#### Work instruction:
Of the lines listed below, return exactly those that run from the line containing "(one exists by" through the line containing "proof (intro ballI impI notI)", both included.
■ ■ ■ ■
(* Let $G=(V,E)$ be a $d$-regular graph with $d\ge 1$ that is a UNN, and let $s:E\to\{-1,+1\}$ be any signing. Then the 2-lift $\hat G$ of $G$ with respect to $s$ is a UNN.
   Context: All graphs are finite, simple and undirected. For a vertex $v$, $\mathrm{nb}(v)$ denotes its set of neighbors (a vertex is not its own neighbor). A graph is a unique-neighborhood network (UNN) if distinct vertices have distinct neighborhoods. The 2-lift of $G=(V,E)$ with respect to a signing $s:E\to\{-1,+1\}$ is the graph $\hat G$ with vertex set $\{x_1,x_2 : x\in V\}$ (two copies of each vertex) and, for each edge $\{x,y\}\in E$: the edges $\{x_1,y_1\},\{x_2,y_2\}$ if $s(\{x,y\})=+1$, and the edges $\{x_1,y_2\},\{x_2,y_1\}$ if $s(\{x,y\})=-1$; $\hat G$ has no other edges. *)

theory Defs
  imports Main
begin

definition simple_graph :: "'a set \<Rightarrow> 'a set set \<Rightarrow> bool" where
  "simple_graph V E \<longleftrightarrow> finite V \<and> (\<forall>e\<in>E. e \<subseteq> V \<and> card e = 2)"

definition nb :: "'a set set \<Rightarrow> 'a \<Rightarrow> 'a set" where
  "nb E x = {y. {x, y} \<in> E}"

definition regular :: "'a set \<Rightarrow> 'a set set \<Rightarrow> nat \<Rightarrow> bool" where
  "regular V E d \<longleftrightarrow> (\<forall>x\<in>V. card (nb E x) = d)"

definition UNN :: "'a set \<Rightarrow> 'a set set \<Rightarrow> bool" where
  "UNN V E \<longleftrightarrow> (\<forall>x\<in>V. \<forall>y\<in>V. x \<noteq> y \<longrightarrow> nb E x \<noteq> nb E y)"

definition signing :: "'a set set \<Rightarrow> ('a set \<Rightarrow> int) \<Rightarrow> bool" where
  "signing E s \<longleftrightarrow> (\<forall>e\<in>E. s e = 1 \<or> s e = -1)"

text \<open>2-lift: copy x_1 is (x,1), copy x_2 is (x,2).\<close>
definition lift_vertices :: "'a set \<Rightarrow> ('a \<times> nat) set" where
  "lift_vertices V = V \<times> {1, 2}"

definition lift_edges :: "'a set set \<Rightarrow> ('a set \<Rightarrow> int) \<Rightarrow> ('a \<times> nat) set set" where
  "lift_edges E s =
     {{(x,1),(y,1)} | x y. {x,y} \<in> E \<and> s {x,y} = 1} \<union>
     {{(x,2),(y,2)} | x y. {x,y} \<in> E \<and> s {x,y} = 1} \<union>
     {{(x,1),(y,2)} | x y. {x,y} \<in> E \<and> s {x,y} = -1} \<union>
     {{(x,2),(y,1)} | x y. {x,y} \<in> E \<and> s {x,y} = -1}"

end

theory Submission
  imports Defs
begin

(* Each vertex x_i of the lift has exactly one neighbour over every neighbour y of x,
  namely the copy of y selected by the sign of the edge {x, y}. Projecting neighbourhoods to
  the base graph therefore gives back nb x, so two vertices of the lift with equal neighbourhoods
  lie over the same vertex x. If they were the two copies of x, then over any neighbour y of x
  (one exists by d >= 1) they would share a neighbour, i.e. the sign of {x, y} would send both
  copies of x to the same copy of y, which is impossible. *)

definition lift_copy :: "('a set \<Rightarrow> int) \<Rightarrow> 'a set \<Rightarrow> nat \<Rightarrow> nat" where
  "lift_copy s e i = (if s e = 1 then i else 3 - i)"

lemma lift_copy_inj:
  assumes "i \<in> {1, 2}" and "j \<in> {1, 2}" and "lift_copy s e i = lift_copy s e j"
  shows "i = j"
  using assms by (auto simp: lift_copy_def split: if_splits)

lemma lift_edge_iff:
  assumes "signing E s" and "i \<in> {1, 2}"
  shows "{(x, i), (y, k)} \<in> lift_edges E s \<longleftrightarrow> {x, y} \<in> E \<and> k = lift_copy s {x, y} i"
  using assms unfolding lift_edges_def signing_def lift_copy_def
  by (auto simp: doubleton_eq_iff insert_commute)

lemma nb_lift_edges:
  assumes "signing E s" and "i \<in> {1, 2}"
  shows "nb (lift_edges E s) (x, i) = (\<lambda>y. (y, lift_copy s {x, y} i)) ` nb E x"
  using lift_edge_iff[OF assms] by (auto simp: nb_def)

lemma fst_nb_lift_edges:
  assumes "signing E s" and "i \<in> {1, 2}"
  shows "fst ` nb (lift_edges E s) (x, i) = nb E x"
  unfolding nb_lift_edges[OF assms] by (simp add: image_image)

theorem UNN_lift_edges:
  assumes signing: "signing E s" and unn: "UNN V E" and nb_nonempty: "\<forall>x\<in>V. nb E x \<noteq> {}"
  shows "UNN (lift_vertices V) (lift_edges E s)"
  unfolding UNN_def
proof (intro ballI impI notI)
  fix p q
  assume "p \<in> lift_vertices V" "q \<in> lift_vertices V" and "p \<noteq> q"
    and same_nb: "nb (lift_edges E s) p = nb (lift_edges E s) q"
  then obtain x i y j where p: "p = (x, i)" and q: "q = (y, j)" and "x \<in> V" "y \<in> V"
    and ij: "i \<in> {1, 2}" "j \<in> {1, 2}"
    by (auto simp: lift_vertices_def)
  have "nb E x = nb E y"
    using same_nb fst_nb_lift_edges[OF signing ij(1), of x] fst_nb_lift_edges[OF signing ij(2), of y]
    by (simp add: p q)
  with unn \<open>x \<in> V\<close> \<open>y \<in> V\<close> have "x = y"
    unfolding UNN_def by blast
  with \<open>p \<noteq> q\<close> p q have "i \<noteq> j" by simp
  obtain z where "z \<in> nb E x"
    using nb_nonempty \<open>x \<in> V\<close> by blast
  then have "(z, lift_copy s {x, z} i) \<in> nb (lift_edges E s) q"
    using same_nb nb_lift_edges[OF signing ij(1)] p by auto
  then have "lift_copy s {x, z} i = lift_copy s {x, z} j"
    using nb_lift_edges[OF signing ij(2)] q \<open>x = y\<close> by auto
  with lift_copy_inj ij \<open>i \<noteq> j\<close> show False by blast
qed

theorem lemma5:
  fixes V :: "'a set" and E :: "'a set set" and s :: "'a set \<Rightarrow> int" and d :: nat
  assumes "simple_graph V E"
    and "regular V E d" and "d \<ge> 1"
    and "UNN V E"
    and "signing E s"
  shows "UNN (lift_vertices V) (lift_edges E s)"
proof (rule UNN_lift_edges)
  show "\<forall>x\<in>V. nb E x \<noteq> {}"
    using assms(2,3) by (auto simp: regular_def)
qed (use assms in auto)

end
■ ■ ■ ■
#### Answer below:
  (one exists by d >= 1) they would share a neighbour, i.e. the sign of {x, y} would send both
  copies of x to the same copy of y, which is impossible. *)

definition lift_copy :: "('a set \<Rightarrow> int) \<Rightarrow> 'a set \<Rightarrow> nat \<Rightarrow> nat" where
  "lift_copy s e i = (if s e = 1 then i else 3 - i)"

lemma lift_copy_inj:
  assumes "i \<in> {1, 2}" and "j \<in> {1, 2}" and "lift_copy s e i = lift_copy s e j"
  shows "i = j"
  using assms by (auto simp: lift_copy_def split: if_splits)

lemma lift_edge_iff:
  assumes "signing E s" and "i \<in> {1, 2}"
  shows "{(x, i), (y, k)} \<in> lift_edges E s \<longleftrightarrow> {x, y} \<in> E \<and> k = lift_copy s {x, y} i"
  using assms unfolding lift_edges_def signing_def lift_copy_def
  by (auto simp: doubleton_eq_iff insert_commute)

lemma nb_lift_edges:
  assumes "signing E s" and "i \<in> {1, 2}"
  shows "nb (lift_edges E s) (x, i) = (\<lambda>y. (y, lift_copy s {x, y} i)) ` nb E x"
  using lift_edge_iff[OF assms] by (auto simp: nb_def)

lemma fst_nb_lift_edges:
  assumes "signing E s" and "i \<in> {1, 2}"
  shows "fst ` nb (lift_edges E s) (x, i) = nb E x"
  unfolding nb_lift_edges[OF assms] by (simp add: image_image)

theorem UNN_lift_edges:
  assumes signing: "signing E s" and unn: "UNN V E" and nb_nonempty: "\<forall>x\<in>V. nb E x \<noteq> {}"
  shows "UNN (lift_vertices V) (lift_edges E s)"
  unfolding UNN_def
proof (intro ballI impI notI)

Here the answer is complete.